(* Let $\mathcal{T}$ be a planar rectilinear mesh with convex polygonal faces, $m\in\mathbb{Z}_{\ge0}$, $r\in\mathbb{Z}_{\ge-1}$, and $\mathbf r$ a smoothness distribution with values in $\{r,-1\}$ on interior edges. Let $\sigma$ be a face bounded by interior edges $\tau_1,\dots,\tau_k$ with $\mathbf r(\tau_i)=r$, let $\gamma_i=\tau_i\cap\tau_{i+1}$ (indices cyclic in $1,\dots,k$) be interior vertices, and let $\ell_i$ be an affine-linear form vanishing on $\tau_i$. Let $\mathbf s$ agree with $\mathbf r$ except $\mathbf s(\tau_i)=-1$ for $i=1,\dots,k$, and let $$\phi:\bigoplus_{i=1}^k{\mathcal{P}}_m/\langle\ell_i^{r+1}\rangle\longrightarrow\bigoplus_{i=1}^k{\mathcal{P}}_m/\mathfrak{J}^{\mathbf r}_{\gamma_i},\qquad (a_1,\dots,a_k)\mapsto(-a_1+a_2,\,-a_2+a_3,\,\dots,\,-a_{k-1}+a_k,\,a_1-a_k)$$ be the nontrivial map of the complex $\mathcal{I}^{\mathbf s}/\mathcal{I}^{\mathbf r}$. Then the cokernel of $\phi$ (and hence $H_0(\mathcal{I}^{\mathbf s}/\mathcal{I}^{\mathbf r})$) is isomorphic to ${\mathcal{P}}_m/(\mathfrak{J}^{\mathbf r}_{\gamma_1}+\cdots+\mathfrak{J}^{\mathbf r}_{\gamma_k})$.
   Context: $\mathcal{T}$ is a finite subdivision of a closed polygonal region $\Omega\subset\mathbb{R}^2$ (possibly not simply connected) into convex polygonal faces meeting along straight edges and vertices. An edge or vertex is interior if not contained in $\partial\Omega$; $\mathcal{T}^\circ_1,\mathcal{T}^\circ_0$ denote interior edges and vertices. ${\mathcal{P}}_m$ is the space of real bivariate polynomials of total degree at most $m$; $\langle f_1,\dots,f_j\rangle$ denotes the subspace of ${\mathcal{P}}_m$ of polynomial combinations $\sum g_if_i$ lying in ${\mathcal{P}}_m$. A smoothness distribution is a map $\mathbf{r}:\mathcal{T}^\circ_1\to\mathbb{Z}_{\ge -1}$. For $\tau\in\mathcal{T}^\circ_1$ with vanishing affine-linear form $\ell_\tau$, $\mathfrak{J}^{\mathbf r}_\tau=\langle \ell_\tau^{\mathbf r(\tau)+1}\rangle$ (equal to ${\mathcal{P}}_m$ if $\mathbf r(\tau)=-1$); for $\gamma\in\mathcal{T}^\circ_0$, $\mathfrak{J}^{\mathbf r}_\gamma=\sum_{\tau\ni\gamma}\mathfrak{J}^{\mathbf r}_\tau$. $\mathcal{I}^{\mathbf r}$ is the chain complex $0\to\bigoplus_{\tau\in\mathcal{T}^\circ_1}\mathfrak{J}^{\mathbf r}_\tau\to\bigoplus_{\gamma\in\mathcal{T}^\circ_0}\mathfrak{J}^{\mathbf r}_\gamma$ (degrees $2,1,0$) whose nonzero map is the cellular boundary map relative to $\partial\Omega$ (signs $\pm1$ from fixed edge orientations); for $\mathbf s\le\mathbf r$ pointwise, $\mathcal{I}^{\mathbf s}/\mathcal{I}^{\mathbf r}$ is the quotient complex. *)

theory Defs
  imports "HOL-Analysis.Analysis" "HOL-Library.Function_Algebras"
begin

type_synonym pt = "real \<times> real"
type_synonym bpoly = "pt \<Rightarrow> real"

text \<open>Real bivariate polynomials of total degree at most m, as polynomial functions
  on the plane (a real polynomial is determined by its function).\<close>
definition Pm :: "nat \<Rightarrow> bpoly set" where
  "Pm m = {f. \<exists>c :: nat \<Rightarrow> nat \<Rightarrow> real. \<forall>x y.
              f (x, y) = (\<Sum>(i, j)\<in>{(i, j). i + j \<le> m}. c i j * x ^ i * y ^ j)}"

definition allpoly :: "bpoly set" where
  "allpoly = (\<Union>m. Pm m)"

definition gen1 :: "nat \<Rightarrow> bpoly \<Rightarrow> bpoly set" where
  "gen1 m f = {h \<in> Pm m. \<exists>g \<in> allpoly. h = (\<lambda>p. g p * f p)}"

definition affine_form :: "bpoly \<Rightarrow> bool" where
  "affine_form l \<longleftrightarrow> (\<exists>a b c. (a, b) \<noteq> (0, 0) \<and> (\<forall>x y. l (x, y) = a * x + b * y + c))"

definition vanishes_on :: "bpoly \<Rightarrow> pt set \<Rightarrow> bool" where
  "vanishes_on l S \<longleftrightarrow> (\<forall>p\<in>S. l p = 0)"

definition J_edge :: "nat \<Rightarrow> (pt set \<Rightarrow> bpoly) \<Rightarrow> (pt set \<Rightarrow> int) \<Rightarrow> pt set \<Rightarrow> bpoly set" where
  "J_edge m ell rr \<tau> = (if rr \<tau> = -1 then Pm m
                         else gen1 m (\<lambda>p. (ell \<tau> p) ^ nat (rr \<tau> + 1)))"

definition J_vert :: "nat \<Rightarrow> pt set set \<Rightarrow> (pt set \<Rightarrow> bpoly) \<Rightarrow> (pt set \<Rightarrow> int) \<Rightarrow> pt \<Rightarrow> bpoly set" where
  "J_vert m E ell rr \<gamma> =
     {(\<Sum>\<tau>\<in>{\<tau>\<in>E. \<gamma> \<in> \<tau>}. h \<tau>) | h. \<forall>\<tau>\<in>{\<tau>\<in>E. \<gamma> \<in> \<tau>}. h \<tau> \<in> J_edge m ell rr \<tau>}"

definition sum_spaces :: "nat \<Rightarrow> (nat \<Rightarrow> bpoly set) \<Rightarrow> bpoly set" where
  "sum_spaces k A = {(\<Sum>i<k. h i) | h. \<forall>i<k. h i \<in> A i}"

text \<open>Direct sum of A 0, ..., A (k-1), as k-tuples (functions nat => _, zero for i >= k).\<close>
definition dsum :: "nat \<Rightarrow> (nat \<Rightarrow> bpoly set) \<Rightarrow> (nat \<Rightarrow> bpoly) set" where
  "dsum k A = {b. (\<forall>i<k. b i \<in> A i) \<and> (\<forall>i\<ge>k. b i = 0)}"

text \<open>The map phi (on representatives): (a_1..a_k) |-> (-a_1+a_2, ..., -a_{k-1}+a_k, a_1-a_k);
  0-based: component i is a ((i+1) mod k) - a i.\<close>
definition phi :: "nat \<Rightarrow> (nat \<Rightarrow> bpoly) \<Rightarrow> (nat \<Rightarrow> bpoly)" where
  "phi k a = (\<lambda>i. if i < k then a (Suc i mod k) - a i else 0)"

text \<open>Isomorphism of subquotients V/U and W/Z of real vector spaces (of functions):
  a real-linear map F on V onto W with F^{-1}(Z) \<inter> V = U; it induces V/U \<cong> W/Z,
  and every such isomorphism arises this way.\<close>
definition subquot_iso :: "(nat \<Rightarrow> bpoly) set \<Rightarrow> (nat \<Rightarrow> bpoly) set \<Rightarrow>
                           bpoly set \<Rightarrow> bpoly set \<Rightarrow> bool" where
  "subquot_iso V U W Z \<longleftrightarrow>
     (\<exists>F. (\<forall>u\<in>V. \<forall>v\<in>V. F (u + v) = F u + F v)
        \<and> (\<forall>t::real. \<forall>u\<in>V. F (\<lambda>i p. t * u i p) = (\<lambda>p. t * F u p))
        \<and> F ` V = W
        \<and> (\<forall>u\<in>V. F u \<in> Z \<longleftrightarrow> u \<in> U))"

end

theory Submission
  imports Defs
begin

text \<open>The summation map \<open>(a\<^sub>1, \<dots>, a\<^sub>k) \<mapsto> a\<^sub>1 + \<dots> + a\<^sub>k\<close> from \<open>\<Oplus> P\<^sub>m\<close> onto \<open>P\<^sub>m\<close>
  induces the isomorphism. It kills the image of \<open>\<phi>\<close> because cyclic differences telescope
  to zero. Conversely, if the entries of \<open>u\<close> sum to \<open>h\<^sub>1 + \<dots> + h\<^sub>k\<close> with \<open>h\<^sub>i \<in> J\<^sub>\<gamma>\<^sub>i\<close>, then
  \<open>d = u - h\<close> has entry sum zero, and such a tuple is \<open>\<phi>\<close> of its partial sums.
  The geometry of the face only enters through \<open>k \<ge> 1\<close>: a compact set with nonempty
  interior has nonempty frontier.\<close>

lemma Pm_zero: "0 \<in> Pm m"
  unfolding Pm_def by (auto intro: exI[of _ "\<lambda>i j. 0"])

lemma Pm_add:
  assumes "f \<in> Pm m" "g \<in> Pm m"
  shows "f + g \<in> Pm m"
proof -
  obtain c d where
    c: "\<And>x y. f (x, y) = (\<Sum>(i, j)\<in>{(i, j). i + j \<le> m}. c i j * x ^ i * y ^ j)" and
    d: "\<And>x y. g (x, y) = (\<Sum>(i, j)\<in>{(i, j). i + j \<le> m}. d i j * x ^ i * y ^ j)"
    using assms unfolding Pm_def by blast
  have "(f + g) (x, y) = (\<Sum>(i, j)\<in>{(i, j). i + j \<le> m}. (c i j + d i j) * x ^ i * y ^ j)"
    for x y using c d by (simp add: sum.distrib[symmetric] case_prod_beta algebra_simps)
  then show ?thesis
    unfolding Pm_def by (intro CollectI exI[of _ "\<lambda>i j. c i j + d i j"] allI)
qed

lemma Pm_uminus:
  assumes "f \<in> Pm m"
  shows "- f \<in> Pm m"
proof -
  obtain c where
    c: "\<And>x y. f (x, y) = (\<Sum>(i, j)\<in>{(i, j). i + j \<le> m}. c i j * x ^ i * y ^ j)"
    using assms unfolding Pm_def by blast
  have "(- f) (x, y) = (\<Sum>(i, j)\<in>{(i, j). i + j \<le> m}. (- c i j) * x ^ i * y ^ j)"
    for x y using c by (simp add: sum_negf[symmetric] case_prod_beta)
  then show ?thesis
    unfolding Pm_def by (intro CollectI exI[of _ "\<lambda>i j. - c i j"] allI)
qed

lemma Pm_diff: "f \<in> Pm m \<Longrightarrow> g \<in> Pm m \<Longrightarrow> f - g \<in> Pm m"
  using Pm_add[of f m "- g"] Pm_uminus[of g m] by simp

lemma Pm_sum: "(\<And>i. i \<in> A \<Longrightarrow> f i \<in> Pm m) \<Longrightarrow> sum f A \<in> Pm m"
  by (induction A rule: infinite_finite_induct) (auto intro: Pm_zero Pm_add)

lemma J_edge_subset_Pm: "J_edge m ell rr \<tau> \<subseteq> Pm m"
  unfolding J_edge_def gen1_def by auto

lemma J_vert_subset_Pm: "J_vert m E ell rr \<gamma> \<subseteq> Pm m"
  unfolding J_vert_def using J_edge_subset_Pm by (force intro!: Pm_sum)

lemma sum_apply: "(\<Sum>i\<in>A. f i) x = (\<Sum>i\<in>A. f i x)"
  by (induction A rule: infinite_finite_induct) auto

lemma sum_cyclic_diff_eq_0:
  "(\<Sum>i<k. a (Suc i mod k) - a i :: 'a::ab_group_add) = 0"
proof (cases k)
  case (Suc n)
  have "(\<Sum>i<Suc n. a (Suc i mod Suc n)) = (\<Sum>i<n. a (Suc i)) + a 0"
    by (simp add: sum.lessThan_Suc)
  also have "\<dots> = (\<Sum>i<Suc n. a i)"
    by (metis sum.lessThan_Suc_shift add.commute)
  finally show ?thesis
    using Suc by (simp add: sum_subtractf)
qed simp

lemma sum_phi_eq_0: "(\<Sum>i<k. phi k a i) = 0"
  by (simp add: phi_def sum_cyclic_diff_eq_0)

lemma zero_sum_eq_phi_partial_sums:
  assumes d: "d \<in> dsum k (\<lambda>_. Pm m)" and sum_d: "(\<Sum>i<k. d i) = 0"
  obtains a where "a \<in> dsum k (\<lambda>_. Pm m)" and "d = phi k a"
proof
  define a where "a = (\<lambda>i. if i < k then (\<Sum>l<i. d l) else 0)"
  show "a \<in> dsum k (\<lambda>_. Pm m)"
    using d unfolding a_def dsum_def by (auto intro!: Pm_sum)
  show "d = phi k a"
  proof
    fix i
    consider "Suc i < k" | "k = Suc i" | "k \<le> i"
      by linarith
    then show "d i = phi k a i"
    proof cases
      case 2
      then have "d i = - (\<Sum>l<i. d l)"
        using sum_d by (simp add: eq_neg_iff_add_eq_0 add.commute)
      with 2 show ?thesis
        unfolding phi_def a_def by simp
    qed (use d in \<open>auto simp: phi_def a_def dsum_def\<close>)
  qed
qed

lemma sum_in_sum_spaces_iff:
  assumes J: "\<forall>i<k. J i \<subseteq> Pm m" and u: "u \<in> dsum k (\<lambda>_. Pm m)"
  shows "(\<Sum>i<k. u i) \<in> sum_spaces k J \<longleftrightarrow>
         u \<in> {j + phi k a | j a. j \<in> dsum k J \<and> a \<in> dsum k (\<lambda>_. Pm m)}"
proof
  assume "(\<Sum>i<k. u i) \<in> sum_spaces k J"
  then obtain h where h: "\<forall>i<k. h i \<in> J i" and sum_u: "(\<Sum>i<k. u i) = (\<Sum>i<k. h i)"
    unfolding sum_spaces_def by blast
  define j where "j = (\<lambda>i. if i < k then h i else 0)"
  have j: "j \<in> dsum k J"
    unfolding j_def dsum_def using h by auto
  have "\<forall>i<k. j i \<in> Pm m"
    using h J unfolding j_def by auto
  then have "u - j \<in> dsum k (\<lambda>_. Pm m)"
    using u j unfolding dsum_def by (auto intro!: Pm_diff)
  moreover have "(\<Sum>i<k. (u - j) i) = 0"
    using sum_u by (simp add: j_def sum_subtractf)
  ultimately obtain a where "a \<in> dsum k (\<lambda>_. Pm m)" and "u - j = phi k a"
    by (rule zero_sum_eq_phi_partial_sums)
  then have "u = j + phi k a \<and> j \<in> dsum k J \<and> a \<in> dsum k (\<lambda>_. Pm m)"
    using j by (metis add.commute diff_add_cancel)
  then show "u \<in> {j + phi k a | j a. j \<in> dsum k J \<and> a \<in> dsum k (\<lambda>_. Pm m)}"
    by blast
next
  assume "u \<in> {j + phi k a | j a. j \<in> dsum k J \<and> a \<in> dsum k (\<lambda>_. Pm m)}"
  then obtain j a where u_eq: "u = j + phi k a" and j: "j \<in> dsum k J"
    by blast
  have "(\<Sum>i<k. u i) = (\<Sum>i<k. j i)"
    using sum_phi_eq_0[of k a] by (simp add: u_eq sum.distrib)
  then show "(\<Sum>i<k. u i) \<in> sum_spaces k J"
    using j unfolding sum_spaces_def dsum_def by blast
qed

lemma sum_image_dsum_Pm:
  assumes "k > 0"
  shows "(\<lambda>u. \<Sum>i<k. u i) ` dsum k (\<lambda>_. Pm m) = Pm m"
proof
  show "(\<lambda>u. \<Sum>i<k. u i) ` dsum k (\<lambda>_. Pm m) \<subseteq> Pm m"
    unfolding dsum_def by (auto intro!: Pm_sum)
  show "Pm m \<subseteq> (\<lambda>u. \<Sum>i<k. u i) ` dsum k (\<lambda>_. Pm m)"
  proof
    fix p assume p: "p \<in> Pm m"
    let ?u = "\<lambda>i. if i = 0 then p else 0"
    have "?u \<in> dsum k (\<lambda>_. Pm m)"
      unfolding dsum_def using p assms Pm_zero by auto
    moreover have "(\<Sum>i<k. ?u i) = p"
      using assms by (simp add: sum.delta)
    ultimately show "p \<in> (\<lambda>u. \<Sum>i<k. u i) ` dsum k (\<lambda>_. Pm m)"
      by (metis image_eqI)
  qed
qed

theorem subquot_iso_coker_phi:
  assumes "k > 0" and "\<forall>i<k. J i \<subseteq> Pm m"
  shows "subquot_iso (dsum k (\<lambda>_. Pm m))
           {j + phi k a | j a. j \<in> dsum k J \<and> a \<in> dsum k (\<lambda>_. Pm m)}
           (Pm m) (sum_spaces k J)"
  unfolding subquot_iso_def
proof (intro exI conjI)
  let ?F = "\<lambda>u::nat \<Rightarrow> bpoly. \<Sum>i<k. u i"
  show "\<forall>u\<in>dsum k (\<lambda>_. Pm m). \<forall>v\<in>dsum k (\<lambda>_. Pm m). ?F (u + v) = ?F u + ?F v"
    by (simp add: sum.distrib)
  show "\<forall>t::real. \<forall>u\<in>dsum k (\<lambda>_. Pm m). ?F (\<lambda>i p. t * u i p) = (\<lambda>p. t * ?F u p)"
    by (simp add: fun_eq_iff sum_apply sum_distrib_left)
  show "?F ` dsum k (\<lambda>_. Pm m) = Pm m"
    using assms(1) by (rule sum_image_dsum_Pm)
  show "\<forall>u\<in>dsum k (\<lambda>_. Pm m). ?F u \<in> sum_spaces k J \<longleftrightarrow>
          u \<in> {j + phi k a | j a. j \<in> dsum k J \<and> a \<in> dsum k (\<lambda>_. Pm m)}"
    using assms(2) sum_in_sum_spaces_iff by blast
qed

theorem mainTheorem7:
  fixes m :: nat and r :: int and k :: nat
    and E :: "pt set set"            \<comment> \<open>interior edges of the mesh\<close>
    and V :: "pt set"                \<comment> \<open>interior vertices of the mesh\<close>
    and ell :: "pt set \<Rightarrow> bpoly"     \<comment> \<open>affine form vanishing on each edge\<close>
    and rr :: "pt set \<Rightarrow> int"       \<comment> \<open>smoothness distribution\<close>
    and \<sigma> :: "pt set"                \<comment> \<open>the face\<close>
    and \<tau> :: "nat \<Rightarrow> pt set" and \<gamma> :: "nat \<Rightarrow> pt"
  assumes "finite E" and "finite V"
    and "\<forall>e\<in>E. \<exists>a b. a \<noteq> b \<and> e = closed_segment a b"
    and "\<forall>e\<in>E. affine_form (ell e) \<and> vanishes_on (ell e) e"
    and "r \<ge> -1"
    and "\<forall>e\<in>E. rr e \<in> {r, -1}"
    and "convex \<sigma>" and "compact \<sigma>" and "interior \<sigma> \<noteq> {}"
    and "frontier \<sigma> = (\<Union>i<k. \<tau> i)"
    and "inj_on \<tau> {..<k}"
    and "\<forall>i<k. \<tau> i \<in> E \<and> rr (\<tau> i) = r"
    and "\<forall>i<k. \<gamma> i \<in> V \<and> \<tau> i \<inter> \<tau> (Suc i mod k) = {\<gamma> i}"
  shows "subquot_iso
           (dsum k (\<lambda>_. Pm m))
           {j + phi k a | j a. j \<in> dsum k (\<lambda>i. J_vert m E ell rr (\<gamma> i))
                               \<and> a \<in> dsum k (\<lambda>_. Pm m)}
           (Pm m)
           (sum_spaces k (\<lambda>i. J_vert m E ell rr (\<gamma> i)))"
proof (rule subquot_iso_coker_phi)
  have "\<sigma> \<noteq> {}"
    using \<open>interior \<sigma> \<noteq> {}\<close> interior_subset by blast
  moreover have "\<sigma> \<noteq> UNIV"
    using compact_imp_bounded[OF \<open>compact \<sigma>\<close>] not_bounded_UNIV by blast
  ultimately have "frontier \<sigma> \<noteq> {}"
    by (rule frontier_not_empty)
  then show "k > 0"
    using \<open>frontier \<sigma> = (\<Union>i<k. \<tau> i)\<close> by (auto intro: Nat.gr0I)
  show "\<forall>i<k. J_vert m E ell rr (\<gamma> i) \<subseteq> Pm m"
    using J_vert_subset_Pm by blast
qed

end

» WORK ORDER:
Word for word, restate the lines above from the line containing "E \<and> rr" through the line containing "dsum k (\<lambda>i.", with both included and nothing else.

» THE ANSWER:
    and "\<forall>i<k. \<tau> i \<in> E \<and> rr (\<tau> i) = r"
    and "\<forall>i<k. \<gamma> i \<in> V \<and> \<tau> i \<inter> \<tau> (Suc i mod k) = {\<gamma> i}"
  shows "subquot_iso
           (dsum k (\<lambda>_. Pm m))
           {j + phi k a | j a. j \<in> dsum k (\<lambda>i. J_vert m E ell rr (\<gamma> i))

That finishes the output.